Error: unable to verify the first certificate in nodejs
unable to verify the first certificate
The certificate chain is incomplete.
It means that the webserver you are connecting to is misconfigured and did not include the intermediate certificate in the certificate chain it sent to you.
Certificate chain
It most likely looks as follows:
- Server certificate - stores a certificate signed by intermediate.
- Intermediate certificate - stores a certificate signed by root.
- Root certificate - stores a self-signed certificate.
Intermediate certificate should be installed on the server, along with the server certificate.
Root certificates are embedded into the software applications, browsers and operating systems.
The application serving the certificate has to send the complete chain, this means the server certificate itself and all the intermediates. The root certificate is supposed to be known by the client.
Recreate the problem
Go to https://incomplete-chain.badssl.com using your browser.
It doesn't show any error (padlock in the address bar is green).
It's because browsers tend to complete the chain if it’s not sent from the server.
Now, connect to https://incomplete-chain.badssl.com using Node:
// index.js
const axios = require('axios');
axios.get('https://incomplete-chain.badssl.com')
.then(function (response) {
console.log(response);
})
.catch(function (error) {
console.log(error);
});
Logs: "Error: unable to verify the first certificate".
Solution
You need to complete the certificate chain yourself.
To do that:
1: You need to get the missing intermediate certificate in .pem
format, then
2a: extend Node’s built-in certificate store using NODE_EXTRA_CA_CERTS
,
2b: or pass your own certificate bundle (intermediates and root) using ca
option.
1. How do I get intermediate certificate?
Using openssl
(comes with Git for Windows).
Save the remote server's certificate details:
openssl s_client -connect incomplete-chain.badssl.com:443 -servername incomplete-chain.badssl.com | tee logcertfile
We're looking for the issuer (the intermediate certificate is the issuer / signer of the server certificate):
openssl x509 -in logcertfile -noout -text | grep -i "issuer"
It should give you URI of the signing certificate. Download it:
curl --output intermediate.crt http://cacerts.digicert.com/DigiCertSHA2SecureServerCA.crt
Finally, convert it to .pem
:
openssl x509 -inform DER -in intermediate.crt -out intermediate.pem -text
2a. NODE_EXTRA_CERTS
I'm using cross-env to set environment variables in package.json
file:
"start": "cross-env NODE_EXTRA_CA_CERTS=\"C:\\Users\\USERNAME\\Desktop\\ssl-connect\\intermediate.pem\" node index.js"
2b. ca
option
This option is going to overwrite the Node's built-in root CAs.
That's why we need to create our own root CA. Use ssl-root-cas.

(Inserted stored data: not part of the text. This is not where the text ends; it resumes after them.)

(* Let $k$ be a field, $\Delta$ a finite connected quiver without oriented cycles, $X$ a finite length $k\Delta$-module and $M$ an endo-finite $k\Delta$-module. If $\langle\operatorname{\bold{dim}}X,\operatorname{\bold{Dim}}M\rangle>0$, then $\operatorname{Hom}(X,M)\neq 0$.
   Context: Modules are representations $(M_i,M_\alpha)$ of $\Delta$ with vertex set $\Delta_0$, arrow set $\Delta_1$, arrows $\alpha\colon s(\alpha)\to t(\alpha)$. $E(M)=\operatorname{End}(M)^{\mathrm{op}}$; $M$ is endo-finite if it has finite length as an $E(M)$-module. $\operatorname{\bold{dim}}X\in\mathbb Z^{\Delta_0}$ has $i$-th entry $\dim_kX_i$, and $(\operatorname{\bold{Dim}}M)_i$ is the length of $M_i$ as an $E(M)$-module. The Euler form is $\langle x,y\rangle=\sum_{i\in\Delta_0}x_iy_i-\sum_{\alpha\in\Delta_1}x_{s(\alpha)}y_{t(\alpha)}$. *)

theory Defs
  imports Complex_Main
begin

record ('a, 'b) quiver =
  verts :: "'a set"
  arrs  :: "'b set"
  src   :: "'b \<Rightarrow> 'a"
  tgt   :: "'b \<Rightarrow> 'a"

definition arrow_rel :: "('a, 'b) quiver \<Rightarrow> ('a \<times> 'a) set" where
  "arrow_rel Q = {(src Q \<alpha>, tgt Q \<alpha>) | \<alpha>. \<alpha> \<in> arrs Q}"

definition finite_quiver :: "('a, 'b) quiver \<Rightarrow> bool" where
  "finite_quiver Q \<longleftrightarrow> finite (verts Q) \<and> finite (arrs Q)
     \<and> (\<forall>\<alpha>\<in>arrs Q. src Q \<alpha> \<in> verts Q \<and> tgt Q \<alpha> \<in> verts Q)"

definition connected_quiver :: "('a, 'b) quiver \<Rightarrow> bool" where
  "connected_quiver Q \<longleftrightarrow> verts Q \<noteq> {} \<and>
     (\<forall>i\<in>verts Q. \<forall>j\<in>verts Q. (i, j) \<in> (arrow_rel Q \<union> (arrow_rel Q)\<inverse>)\<^sup>*)"

definition acyclic_quiver :: "('a, 'b) quiver \<Rightarrow> bool" where
  "acyclic_quiver Q \<longleftrightarrow> (\<forall>i. (i, i) \<notin> (arrow_rel Q)\<^sup>+)"

text \<open>A representation (= k Q-module): subspaces V i of an ambient k-vector space
  (with scalar multiplication sc), and k-linear maps f \<alpha> : V (src \<alpha>) \<rightarrow> V (tgt \<alpha>).\<close>
definition is_rep :: "('a, 'b) quiver \<Rightarrow> ('k::field \<Rightarrow> 'v::ab_group_add \<Rightarrow> 'v)
    \<Rightarrow> ('a \<Rightarrow> 'v set) \<Rightarrow> ('b \<Rightarrow> 'v \<Rightarrow> 'v) \<Rightarrow> bool" where
  "is_rep Q sc V f \<longleftrightarrow> vector_space sc
     \<and> (\<forall>i\<in>verts Q. Modules.module.subspace sc (V i))
     \<and> (\<forall>\<alpha>\<in>arrs Q. \<forall>x\<in>V (src Q \<alpha>). f \<alpha> x \<in> V (tgt Q \<alpha>))
     \<and> (\<forall>\<alpha>\<in>arrs Q. \<forall>x\<in>V (src Q \<alpha>). \<forall>y\<in>V (src Q \<alpha>). f \<alpha> (x + y) = f \<alpha> x + f \<alpha> y)
     \<and> (\<forall>\<alpha>\<in>arrs Q. \<forall>c. \<forall>x\<in>V (src Q \<alpha>). f \<alpha> (sc c x) = sc c (f \<alpha> x))"
(* Let $p$ be an odd prime, $q=p^\alpha$ with $\alpha\ge1$, $a$ an integer prime to $p$, and $\epsilon\in\{+1,-1\}$. Then the $\mathrm{SL}_2(\mathbb{Z})$-module $W_1^\epsilon(L_q(a))$ is irreducible, and $q$ is the smallest positive integer $N$ such that the principal congruence subgroup $\Gamma(N)$ acts trivially on it. Moreover, for $q'=p^{\alpha'}$ with $\alpha'\ge1$, $a'$ prime to $p$ and $\epsilon'\in\{\pm1\}$, the modules $W_1^\epsilon(L_q(a))$ and $W_1^{\epsilon'}(L_{q'}(a'))$ are isomorphic if and only if $q=q'$, $\epsilon=\epsilon'$ and $aa'$ is a square modulo $p$.
   Context: $e(t)=\exp(2\pi it)$. For a finite quadratic module $M$ (finite abelian group with $Q:M\to\mathbb{Q}/\mathbb{Z}$, $Q(bx)=b^2Q(x)$, nondegenerate bilinear $B(x,y)=Q(x+y)-Q(x)-Q(y)$), put $\sigma=|M|^{-1/2}\sum_xe(-Q(x))$; $W(M)$ is the vector space with basis $\mathfrak{e}_x$ ($x\in M$) and action of $\mathrm{SL}_2(\mathbb{Z})$ (valid here since $\sigma^4=1$) determined by $T\mathfrak{e}_x=e(Q(x))\mathfrak{e}_x$, $S\mathfrak{e}_x=\sigma|M|^{-1/2}\sum_ye(-B(y,x))\mathfrak{e}_y$, $T=[1,1;0,1]$, $S=[0,-1;1,0]$. It carries the invariant scalar product with $(\mathfrak{e}_x,\mathfrak{e}_y)=\delta_{x,y}$. $L_q(a)$ is the module $\mathbb{Z}/q\mathbb{Z}$ with $Q(x)=ax^2/q$. For $\alpha\ge2$, $W(L_{q/p^2}(a))$ embeds $\mathrm{SL}_2(\mathbb{Z})$-equivariantly into $W(L_q(a))$ via $\mathfrak{e}_{y}\mapsto\sum_{x\in\mathbb{Z}/q\mathbb{Z},\ x\equiv py\bmod p^{\alpha-1}}\mathfrak{e}_x$ (this comes from the isotropic subgroup $U=p^{\alpha-1}L_q(a)$ with $U^\perp/U\cong L_{q/p^2}(a)$). $W_1(L_q(a))$ is the orthogonal complement of this image (and $W_1(L_q(a))=W(L_q(a))$ if $\alpha=1$). $W_1^\epsilon(L_q(a))$ is the $\epsilon$-eigenspace in $W_1(L_q(a))$ of the involution $\mathfrak{e}_x\mapsto\mathfrak{e}_{-x}$; it is an $\mathrm{SL}_2(\mathbb{Z})$-submodule. *)

theory Defs
  imports Complex_Main "HOL-Number_Theory.Cong"
begin

definition ee :: "real \<Rightarrow> complex" where
  "ee t = exp (2 * pi * \<i> * complex_of_real t)"

type_synonym mat2 = "(int \<times> int) \<times> (int \<times> int)"

fun mmul :: "mat2 \<Rightarrow> mat2 \<Rightarrow> mat2" where
  "mmul ((a,b),(c,d)) ((a',b'),(c',d')) =
     ((a*a' + b*c', a*b' + b*d'), (c*a' + d*c', c*b' + d*d'))"

definition mid :: mat2 where "mid = ((1,0),(0,1))"

datatype gen = GenS | GenT

fun gen_mat :: "gen \<Rightarrow> mat2" where
  "gen_mat GenS = ((0,-1),(1,0))"
| "gen_mat GenT = ((1,1),(0,1))"

text \<open>Words in S and T (these generate SL_2(Z) as a monoid, since S^4 = 1 and
  T^-1 = S T S T S^3). The matrix of a word is the product of its letters.\<close>
fun word_mat :: "gen list \<Rightarrow> mat2" where
  "word_mat [] = mid"
| "word_mat (g # w) = mmul (gen_mat g) (word_mat w)"

fun word_act :: "(gen \<Rightarrow> (int \<Rightarrow> complex) \<Rightarrow> (int \<Rightarrow> complex)) \<Rightarrow> gen list
                   \<Rightarrow> (int \<Rightarrow> complex) \<Rightarrow> (int \<Rightarrow> complex)" where
  "word_act act [] f = f"
| "word_act act (g # w) f = act g (word_act act w f)"

definition in_Gamma :: "nat \<Rightarrow> mat2 \<Rightarrow> bool" where
  "in_Gamma N M = (case M of ((a,b),(c,d)) \<Rightarrow>
      [a = 1] (mod int N) \<and> [b = 0] (mod int N) \<and> [c = 0] (mod int N) \<and> [d = 1] (mod int N))"

text \<open>W(L_q(a)), q = p^alpha: vectors sum_x f(x) e_x, encoded as q-periodic functions Z -> C.\<close>
definition Wsp :: "nat \<Rightarrow> (int \<Rightarrow> complex) set" where
  "Wsp q = {f. \<forall>x. f (x + int q) = f x}"

definition Qform :: "nat \<Rightarrow> int \<Rightarrow> int \<Rightarrow> real" where
  "Qform q a x = real_of_int (a * x^2) / real q"

definition Bform :: "nat \<Rightarrow> int \<Rightarrow> int \<Rightarrow> int \<Rightarrow> real" where
  "Bform q a x y = Qform q a (x + y) - Qform q a x - Qform q a y"

definition sigma :: "nat \<Rightarrow> int \<Rightarrow> complex" where
  "sigma q a = (1 / complex_of_real (sqrt (real q))) * (\<Sum>x\<in>{0..<int q}. ee (- Qform q a x))"

fun weil :: "nat \<Rightarrow> int \<Rightarrow> gen \<Rightarrow> (int \<Rightarrow> complex) \<Rightarrow> (int \<Rightarrow> complex)" where
  "weil q a GenT f = (\<lambda>x. ee (Qform q a x) * f x)"
| "weil q a GenS f = (\<lambda>y. sigma q a * (1 / complex_of_real (sqrt (real q))) *
                           (\<Sum>x\<in>{0..<int q}. ee (- Bform q a y x) * f x))"

definition wip :: "nat \<Rightarrow> (int \<Rightarrow> complex) \<Rightarrow> (int \<Rightarrow> complex) \<Rightarrow> complex" where
  "wip q f g = (\<Sum>x\<in>{0..<int q}. f x * cnj (g x))"

text \<open>Image of the basis vector e_y of W(L_{q/p^2}(a)) in W(L_q(a)), q = p^alpha:
  sum of e_x over x mod q with x = p y mod p^(alpha-1).\<close>
definition incl :: "nat \<Rightarrow> nat \<Rightarrow> int \<Rightarrow> (int \<Rightarrow> complex)" where
  "incl p \<alpha> y = (\<lambda>x. if [x = int p * y] (mod int (p ^ (\<alpha> - 1))) then 1 else 0)"

definition W1 :: "nat \<Rightarrow> nat \<Rightarrow> (int \<Rightarrow> complex) set" where
  "W1 p \<alpha> = (if \<alpha> \<ge> 2
     then {f \<in> Wsp (p ^ \<alpha>). \<forall>y. wip (p ^ \<alpha>) f (incl p \<alpha> y) = 0}
     else Wsp (p ^ \<alpha>))"

definition W1eps :: "nat \<Rightarrow> nat \<Rightarrow> int \<Rightarrow> (int \<Rightarrow> complex) set" where
  "W1eps p \<alpha> \<epsilon> = {f \<in> W1 p \<alpha>. (\<lambda>x. f (- x)) = (\<lambda>x. of_int \<epsilon> * f x)}"

definition csubspace :: "(int \<Rightarrow> complex) set \<Rightarrow> bool" where
  "csubspace U \<longleftrightarrow> (\<lambda>_. 0) \<in> U \<and> (\<forall>f\<in>U. \<forall>g\<in>U. (\<lambda>x. f x + g x) \<in> U)
      \<and> (\<forall>c. \<forall>f\<in>U. (\<lambda>x. c * f x) \<in> U)"

definition invariant :: "(gen \<Rightarrow> (int \<Rightarrow> complex) \<Rightarrow> (int \<Rightarrow> complex)) \<Rightarrow> (int \<Rightarrow> complex) set \<Rightarrow> bool" where
  "invariant act U \<longleftrightarrow> (\<forall>w. \<forall>f\<in>U. word_act act w f \<in> U)"

definition irreducible_mod :: "(gen \<Rightarrow> (int \<Rightarrow> complex) \<Rightarrow> (int \<Rightarrow> complex)) \<Rightarrow> (int \<Rightarrow> complex) set \<Rightarrow> bool" where
  "irreducible_mod act V \<longleftrightarrow> V \<noteq> {\<lambda>_. 0} \<and>
     (\<forall>U. csubspace U \<and> U \<subseteq> V \<and> invariant act U \<longrightarrow> U = {\<lambda>_. 0} \<or> U = V)"

definition Gamma_trivial :: "(gen \<Rightarrow> (int \<Rightarrow> complex) \<Rightarrow> (int \<Rightarrow> complex)) \<Rightarrow> (int \<Rightarrow> complex) set \<Rightarrow> nat \<Rightarrow> bool" where
  "Gamma_trivial act V N \<longleftrightarrow> (\<forall>w. in_Gamma N (word_mat w) \<longrightarrow> (\<forall>f\<in>V. word_act act w f = f))"

definition iso_mod :: "(gen \<Rightarrow> (int \<Rightarrow> complex) \<Rightarrow> (int \<Rightarrow> complex)) \<Rightarrow> (int \<Rightarrow> complex) set \<Rightarrow>
                       (gen \<Rightarrow> (int \<Rightarrow> complex) \<Rightarrow> (int \<Rightarrow> complex)) \<Rightarrow> (int \<Rightarrow> complex) set \<Rightarrow> bool" where
  "iso_mod act1 V1 act2 V2 \<longleftrightarrow> (\<exists>\<phi>. bij_betw \<phi> V1 V2 \<and>
     (\<forall>f\<in>V1. \<forall>g\<in>V1. \<phi> (\<lambda>x. f x + g x) = (\<lambda>x. \<phi> f x + \<phi> g x)) \<and>
     (\<forall>c. \<forall>f\<in>V1. \<phi> (\<lambda>x. c * f x) = (\<lambda>x. c * \<phi> f x)) \<and>
     (\<forall>w. \<forall>f\<in>V1. \<phi> (word_act act1 w f) = word_act act2 w (\<phi> f)))"

end

theory Submission
  imports Defs "HOL-Analysis.Complex_Transcendental" "HOL-Number_Theory.Euler_Criterion"
begin

text \<open>
  T acts diagonally on W(L_q(a)), with eigenvalue e(a x^2/q) on e_x, and on the units mod p this
  eigenvalue determines x up to sign. Hence projecting a nonzero invariant subspace U of W_1^eps
  onto T-eigenspaces yields some e_x + eps e_(-x) in U with x a unit, and the T-eigencomponents of
  its image under S yield all of them; they span the vectors of W_1^eps supported on the units.
  A vector of W_1^eps supported on pZ is orthogonal to the image of W(L_(q/p^2)(a)), so its image
  under S is supported on the units, and S^2 = sigma^2 eps is invertible (for alpha = 1 such vectors
  are multiples of the indicator of pZ, again a T-eigencomponent of an S-image). So U = W_1^eps.

  T^N fixes e_x + eps e_(-x) only if q divides N, so the level is at least q. An element of Gamma(q)
  commutes with the Weyl operators of the Heisenberg group of L_q(a), hence acts by a scalar; the
  scalar is 1 because the element fixes the image of W(L_(q/p^2)(a)) under the equivariant map
  e_y \<mapsto> e_(py), by induction on alpha. For q = p one writes down the action of every matrix
  explicitly (in terms of normalized quadratic Gauss sums) and reads off that Gamma(p) acts trivially.

  An isomorphism preserves the eigenvalues of T^N, of T, and of S^2 = sigma^2 eps; these determine q,
  the square class of a, and eps. Conversely, if a' = a c^2 mod q (Hensel) the dilation
  f \<mapsto> f(c \<cdot>) is an isomorphism.
\<close>

lemmas cong_iff_mod_eq = Cong.unique_euclidean_semiring_class.cong_def

definition ee_frac :: "nat \<Rightarrow> int \<Rightarrow> complex" where
  "ee_frac q r = ee (of_int r / real q)"

lemma ee_add: "ee (x + y) = ee x * ee y"
  unfolding ee_def by (simp add: distrib_left exp_add)

lemma ee_int: "ee (of_int k) = 1"
proof -
  have "exp (2 * pi * \<i> * complex_of_real (of_int k)) = exp ((2 * complex_of_int k * pi) * \<i>)"
    by (simp add: mult_ac)
  also have "\<dots> = 1" using exp_integer_2pi[of "of_int k"] by simp
  finally show ?thesis unfolding ee_def .
qed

Then, create a custom https
agent configured with our certificate bundle (root and intermediate). Pass this agent to axios
when making request.
// index.js
const axios = require('axios');
const path = require('path');
const https = require('https');
const rootCas = require('ssl-root-cas').create();
rootCas.addFile(path.resolve(__dirname, 'intermediate.pem'));
const httpsAgent = new https.Agent({ca: rootCas});
axios.get('https://incomplete-chain.badssl.com', { httpsAgent })
.then(function (response) {
console.log(response);
})
.catch(function (error) {
console.log(error);
});
Instead of creating a custom https
agent and passing it to axios
, you can place the certifcates on the https
global agent:
// Applies to ALL requests (whether using https directly or the request module)
https.globalAgent.options.ca = rootCas;
Resources:
- https://levelup.gitconnected.com/how-to-resolve-certificate-errors-in-nodejs-app-involving-ssl-calls-781ce48daded
- https://www.npmjs.com/package/ssl-root-cas
- https://github.com/nodejs/node/issues/16336
- https://www.namecheap.com/support/knowledgebase/article.aspx/9605/69/how-to-check-ca-chain-installation
- https://superuser.com/questions/97201/how-to-save-a-remote-server-ssl-certificate-locally-as-a-file/
- How to convert .crt to .pem
Try adding the appropriate root certificate
This is always going to be a much safer option than just blindly accepting unauthorised end points, which should in turn only be used as a last resort.
This can be as simple as adding
require('https').globalAgent.options.ca = require('ssl-root-cas/latest').create();
to your application.
The SSL Root CAs npm package (as used here) is a very useful package regarding this problem.